> **THE TASK**
Each record should be reproduced exactly.

Collected data entries:
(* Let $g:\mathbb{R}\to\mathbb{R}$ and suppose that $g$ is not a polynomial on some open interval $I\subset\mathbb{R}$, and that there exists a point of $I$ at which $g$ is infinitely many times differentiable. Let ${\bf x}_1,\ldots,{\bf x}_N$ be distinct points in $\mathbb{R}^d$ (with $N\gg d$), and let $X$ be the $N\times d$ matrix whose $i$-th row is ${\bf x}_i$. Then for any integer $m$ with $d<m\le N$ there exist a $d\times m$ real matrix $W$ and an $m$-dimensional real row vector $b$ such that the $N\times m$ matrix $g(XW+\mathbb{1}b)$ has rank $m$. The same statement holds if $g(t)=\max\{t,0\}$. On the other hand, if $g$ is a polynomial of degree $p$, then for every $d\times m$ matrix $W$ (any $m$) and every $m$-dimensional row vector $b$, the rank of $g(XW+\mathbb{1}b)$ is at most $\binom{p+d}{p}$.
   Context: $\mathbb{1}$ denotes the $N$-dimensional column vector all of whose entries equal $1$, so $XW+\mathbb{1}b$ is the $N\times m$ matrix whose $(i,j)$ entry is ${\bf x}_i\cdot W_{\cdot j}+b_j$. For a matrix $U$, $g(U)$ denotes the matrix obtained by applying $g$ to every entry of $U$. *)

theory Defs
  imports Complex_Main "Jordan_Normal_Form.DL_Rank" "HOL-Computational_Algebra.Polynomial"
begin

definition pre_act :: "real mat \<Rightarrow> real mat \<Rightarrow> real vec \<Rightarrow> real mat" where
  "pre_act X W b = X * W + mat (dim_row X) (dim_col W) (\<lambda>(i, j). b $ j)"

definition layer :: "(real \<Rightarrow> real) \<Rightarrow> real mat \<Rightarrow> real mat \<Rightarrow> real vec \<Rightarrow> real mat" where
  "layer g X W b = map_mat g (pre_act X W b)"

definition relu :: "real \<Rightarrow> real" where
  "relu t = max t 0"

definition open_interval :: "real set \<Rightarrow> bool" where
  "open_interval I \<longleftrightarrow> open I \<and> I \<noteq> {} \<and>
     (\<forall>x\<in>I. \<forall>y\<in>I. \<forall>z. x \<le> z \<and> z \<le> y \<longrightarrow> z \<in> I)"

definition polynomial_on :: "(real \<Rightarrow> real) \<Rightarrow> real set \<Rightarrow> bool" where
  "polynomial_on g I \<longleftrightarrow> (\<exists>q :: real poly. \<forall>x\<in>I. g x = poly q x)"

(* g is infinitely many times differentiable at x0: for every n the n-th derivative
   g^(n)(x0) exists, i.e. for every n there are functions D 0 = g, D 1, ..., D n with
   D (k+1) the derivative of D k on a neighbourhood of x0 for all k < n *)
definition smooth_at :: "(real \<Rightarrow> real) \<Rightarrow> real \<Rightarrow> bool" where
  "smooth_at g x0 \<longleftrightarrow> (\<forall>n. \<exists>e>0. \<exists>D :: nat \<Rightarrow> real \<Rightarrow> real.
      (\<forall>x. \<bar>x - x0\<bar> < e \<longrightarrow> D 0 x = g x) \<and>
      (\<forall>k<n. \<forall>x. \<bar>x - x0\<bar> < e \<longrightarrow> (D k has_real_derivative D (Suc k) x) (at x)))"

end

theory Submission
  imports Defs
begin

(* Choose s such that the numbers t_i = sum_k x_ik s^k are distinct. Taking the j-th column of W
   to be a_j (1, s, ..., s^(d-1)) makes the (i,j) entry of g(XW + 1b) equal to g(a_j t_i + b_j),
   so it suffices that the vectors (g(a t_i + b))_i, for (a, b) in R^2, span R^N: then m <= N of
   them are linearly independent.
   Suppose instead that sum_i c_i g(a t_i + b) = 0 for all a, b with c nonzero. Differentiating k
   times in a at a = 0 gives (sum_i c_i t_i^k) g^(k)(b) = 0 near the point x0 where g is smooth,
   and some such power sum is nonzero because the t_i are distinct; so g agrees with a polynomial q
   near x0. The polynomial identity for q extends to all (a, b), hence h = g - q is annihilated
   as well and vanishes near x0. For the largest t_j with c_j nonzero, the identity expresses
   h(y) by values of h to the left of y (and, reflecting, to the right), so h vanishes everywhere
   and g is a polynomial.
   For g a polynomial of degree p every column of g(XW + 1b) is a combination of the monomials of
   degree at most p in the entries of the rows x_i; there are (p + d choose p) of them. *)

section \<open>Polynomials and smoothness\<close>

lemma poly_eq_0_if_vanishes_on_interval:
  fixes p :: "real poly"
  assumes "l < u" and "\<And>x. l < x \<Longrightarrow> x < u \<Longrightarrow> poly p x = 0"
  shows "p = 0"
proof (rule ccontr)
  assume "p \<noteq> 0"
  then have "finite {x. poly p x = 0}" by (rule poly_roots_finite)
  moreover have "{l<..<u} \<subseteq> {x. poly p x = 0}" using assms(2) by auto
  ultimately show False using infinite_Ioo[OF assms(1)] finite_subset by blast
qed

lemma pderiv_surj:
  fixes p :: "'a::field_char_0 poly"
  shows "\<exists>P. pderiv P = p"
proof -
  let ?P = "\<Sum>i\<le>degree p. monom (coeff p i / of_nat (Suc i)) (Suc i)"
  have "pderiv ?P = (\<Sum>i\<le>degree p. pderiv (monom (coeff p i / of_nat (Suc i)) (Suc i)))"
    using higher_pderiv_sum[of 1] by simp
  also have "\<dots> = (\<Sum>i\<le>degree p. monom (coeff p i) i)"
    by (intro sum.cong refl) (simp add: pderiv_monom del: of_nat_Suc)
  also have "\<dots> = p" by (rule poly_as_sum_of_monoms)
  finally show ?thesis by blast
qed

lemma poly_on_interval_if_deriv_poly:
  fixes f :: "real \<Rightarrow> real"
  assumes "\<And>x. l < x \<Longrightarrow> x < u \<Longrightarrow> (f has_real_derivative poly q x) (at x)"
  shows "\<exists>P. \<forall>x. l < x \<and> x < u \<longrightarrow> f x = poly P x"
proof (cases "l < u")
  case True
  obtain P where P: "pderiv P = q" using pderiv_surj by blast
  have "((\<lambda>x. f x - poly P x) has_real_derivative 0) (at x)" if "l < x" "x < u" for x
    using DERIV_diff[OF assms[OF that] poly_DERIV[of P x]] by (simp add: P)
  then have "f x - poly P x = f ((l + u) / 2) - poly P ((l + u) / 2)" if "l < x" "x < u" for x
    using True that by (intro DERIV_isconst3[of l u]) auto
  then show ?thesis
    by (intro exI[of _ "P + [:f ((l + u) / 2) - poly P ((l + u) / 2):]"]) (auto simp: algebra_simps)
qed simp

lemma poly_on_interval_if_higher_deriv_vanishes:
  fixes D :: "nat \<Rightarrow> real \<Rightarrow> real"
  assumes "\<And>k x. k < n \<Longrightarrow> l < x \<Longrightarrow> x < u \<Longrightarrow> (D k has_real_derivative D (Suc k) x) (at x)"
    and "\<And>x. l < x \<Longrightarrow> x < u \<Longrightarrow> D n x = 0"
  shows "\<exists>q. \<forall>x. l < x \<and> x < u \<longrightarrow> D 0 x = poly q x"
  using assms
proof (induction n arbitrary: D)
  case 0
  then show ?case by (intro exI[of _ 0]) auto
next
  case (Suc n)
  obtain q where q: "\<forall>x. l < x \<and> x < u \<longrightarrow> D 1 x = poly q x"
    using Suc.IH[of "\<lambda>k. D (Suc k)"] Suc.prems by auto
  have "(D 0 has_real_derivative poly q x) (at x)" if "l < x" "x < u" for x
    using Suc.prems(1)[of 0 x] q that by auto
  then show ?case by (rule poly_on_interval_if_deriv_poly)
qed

> **ANSWER TO THE PROBLEM**
(* Let $g:\mathbb{R}\to\mathbb{R}$ and suppose that $g$ is not a polynomial on some open interval $I\subset\mathbb{R}$, and that there exists a point of $I$ at which $g$ is infinitely many times differentiable. Let ${\bf x}_1,\ldots,{\bf x}_N$ be distinct points in $\mathbb{R}^d$ (with $N\gg d$), and let $X$ be the $N\times d$ matrix whose $i$-th row is ${\bf x}_i$. Then for any integer $m$ with $d<m\le N$ there exist a $d\times m$ real matrix $W$ and an $m$-dimensional real row vector $b$ such that the $N\times m$ matrix $g(XW+\mathbb{1}b)$ has rank $m$. The same statement holds if $g(t)=\max\{t,0\}$. On the other hand, if $g$ is a polynomial of degree $p$, then for every $d\times m$ matrix $W$ (any $m$) and every $m$-dimensional row vector $b$, the rank of $g(XW+\mathbb{1}b)$ is at most $\binom{p+d}{p}$.
   Context: $\mathbb{1}$ denotes the $N$-dimensional column vector all of whose entries equal $1$, so $XW+\mathbb{1}b$ is the $N\times m$ matrix whose $(i,j)$ entry is ${\bf x}_i\cdot W_{\cdot j}+b_j$. For a matrix $U$, $g(U)$ denotes the matrix obtained by applying $g$ to every entry of $U$. *)

theory Defs
  imports Complex_Main "Jordan_Normal_Form.DL_Rank" "HOL-Computational_Algebra.Polynomial"
begin

definition pre_act :: "real mat \<Rightarrow> real mat \<Rightarrow> real vec \<Rightarrow> real mat" where
  "pre_act X W b = X * W + mat (dim_row X) (dim_col W) (\<lambda>(i, j). b $ j)"

definition layer :: "(real \<Rightarrow> real) \<Rightarrow> real mat \<Rightarrow> real mat \<Rightarrow> real vec \<Rightarrow> real mat" where
  "layer g X W b = map_mat g (pre_act X W b)"

definition relu :: "real \<Rightarrow> real" where
  "relu t = max t 0"

definition open_interval :: "real set \<Rightarrow> bool" where
  "open_interval I \<longleftrightarrow> open I \<and> I \<noteq> {} \<and>
     (\<forall>x\<in>I. \<forall>y\<in>I. \<forall>z. x \<le> z \<and> z \<le> y \<longrightarrow> z \<in> I)"

definition polynomial_on :: "(real \<Rightarrow> real) \<Rightarrow> real set \<Rightarrow> bool" where
  "polynomial_on g I \<longleftrightarrow> (\<exists>q :: real poly. \<forall>x\<in>I. g x = poly q x)"

(* g is infinitely many times differentiable at x0: for every n the n-th derivative
   g^(n)(x0) exists, i.e. for every n there are functions D 0 = g, D 1, ..., D n with
   D (k+1) the derivative of D k on a neighbourhood of x0 for all k < n *)
definition smooth_at :: "(real \<Rightarrow> real) \<Rightarrow> real \<Rightarrow> bool" where
  "smooth_at g x0 \<longleftrightarrow> (\<forall>n. \<exists>e>0. \<exists>D :: nat \<Rightarrow> real \<Rightarrow> real.
      (\<forall>x. \<bar>x - x0\<bar> < e \<longrightarrow> D 0 x = g x) \<and>
      (\<forall>k<n. \<forall>x. \<bar>x - x0\<bar> < e \<longrightarrow> (D k has_real_derivative D (Suc k) x) (at x)))"

end

theory Submission
  imports Defs
begin

(* Choose s such that the numbers t_i = sum_k x_ik s^k are distinct. Taking the j-th column of W
   to be a_j (1, s, ..., s^(d-1)) makes the (i,j) entry of g(XW + 1b) equal to g(a_j t_i + b_j),
   so it suffices that the vectors (g(a t_i + b))_i, for (a, b) in R^2, span R^N: then m <= N of
   them are linearly independent.
   Suppose instead that sum_i c_i g(a t_i + b) = 0 for all a, b with c nonzero. Differentiating k
   times in a at a = 0 gives (sum_i c_i t_i^k) g^(k)(b) = 0 near the point x0 where g is smooth,
   and some such power sum is nonzero because the t_i are distinct; so g agrees with a polynomial q
   near x0. The polynomial identity for q extends to all (a, b), hence h = g - q is annihilated
   as well and vanishes near x0. For the largest t_j with c_j nonzero, the identity expresses
   h(y) by values of h to the left of y (and, reflecting, to the right), so h vanishes everywhere
   and g is a polynomial.
   For g a polynomial of degree p every column of g(XW + 1b) is a combination of the monomials of
   degree at most p in the entries of the rows x_i; there are (p + d choose p) of them. *)

section \<open>Polynomials and smoothness\<close>

lemma poly_eq_0_if_vanishes_on_interval:
  fixes p :: "real poly"
  assumes "l < u" and "\<And>x. l < x \<Longrightarrow> x < u \<Longrightarrow> poly p x = 0"
  shows "p = 0"
proof (rule ccontr)
  assume "p \<noteq> 0"
  then have "finite {x. poly p x = 0}" by (rule poly_roots_finite)
  moreover have "{l<..<u} \<subseteq> {x. poly p x = 0}" using assms(2) by auto
  ultimately show False using infinite_Ioo[OF assms(1)] finite_subset by blast
qed

lemma pderiv_surj:
  fixes p :: "'a::field_char_0 poly"
  shows "\<exists>P. pderiv P = p"
proof -
  let ?P = "\<Sum>i\<le>degree p. monom (coeff p i / of_nat (Suc i)) (Suc i)"
  have "pderiv ?P = (\<Sum>i\<le>degree p. pderiv (monom (coeff p i / of_nat (Suc i)) (Suc i)))"
    using higher_pderiv_sum[of 1] by simp
  also have "\<dots> = (\<Sum>i\<le>degree p. monom (coeff p i) i)"
    by (intro sum.cong refl) (simp add: pderiv_monom del: of_nat_Suc)
  also have "\<dots> = p" by (rule poly_as_sum_of_monoms)
  finally show ?thesis by blast
qed

lemma poly_on_interval_if_deriv_poly:
  fixes f :: "real \<Rightarrow> real"
  assumes "\<And>x. l < x \<Longrightarrow> x < u \<Longrightarrow> (f has_real_derivative poly q x) (at x)"
  shows "\<exists>P. \<forall>x. l < x \<and> x < u \<longrightarrow> f x = poly P x"
proof (cases "l < u")
  case True
  obtain P where P: "pderiv P = q" using pderiv_surj by blast
  have "((\<lambda>x. f x - poly P x) has_real_derivative 0) (at x)" if "l < x" "x < u" for x
    using DERIV_diff[OF assms[OF that] poly_DERIV[of P x]] by (simp add: P)
  then have "f x - poly P x = f ((l + u) / 2) - poly P ((l + u) / 2)" if "l < x" "x < u" for x
    using True that by (intro DERIV_isconst3[of l u]) auto
  then show ?thesis
    by (intro exI[of _ "P + [:f ((l + u) / 2) - poly P ((l + u) / 2):]"]) (auto simp: algebra_simps)
qed simp

lemma poly_on_interval_if_higher_deriv_vanishes:
  fixes D :: "nat \<Rightarrow> real \<Rightarrow> real"
  assumes "\<And>k x. k < n \<Longrightarrow> l < x \<Longrightarrow> x < u \<Longrightarrow> (D k has_real_derivative D (Suc k) x) (at x)"
    and "\<And>x. l < x \<Longrightarrow> x < u \<Longrightarrow> D n x = 0"
  shows "\<exists>q. \<forall>x. l < x \<and> x < u \<longrightarrow> D 0 x = poly q x"
  using assms
proof (induction n arbitrary: D)
  case 0
  then show ?case by (intro exI[of _ 0]) auto
next
  case (Suc n)
  obtain q where q: "\<forall>x. l < x \<and> x < u \<longrightarrow> D 1 x = poly q x"
    using Suc.IH[of "\<lambda>k. D (Suc k)"] Suc.prems by auto
  have "(D 0 has_real_derivative poly q x) (at x)" if "l < x" "x < u" for x
    using Suc.prems(1)[of 0 x] q that by auto
  then show ?case by (rule poly_on_interval_if_deriv_poly)
qed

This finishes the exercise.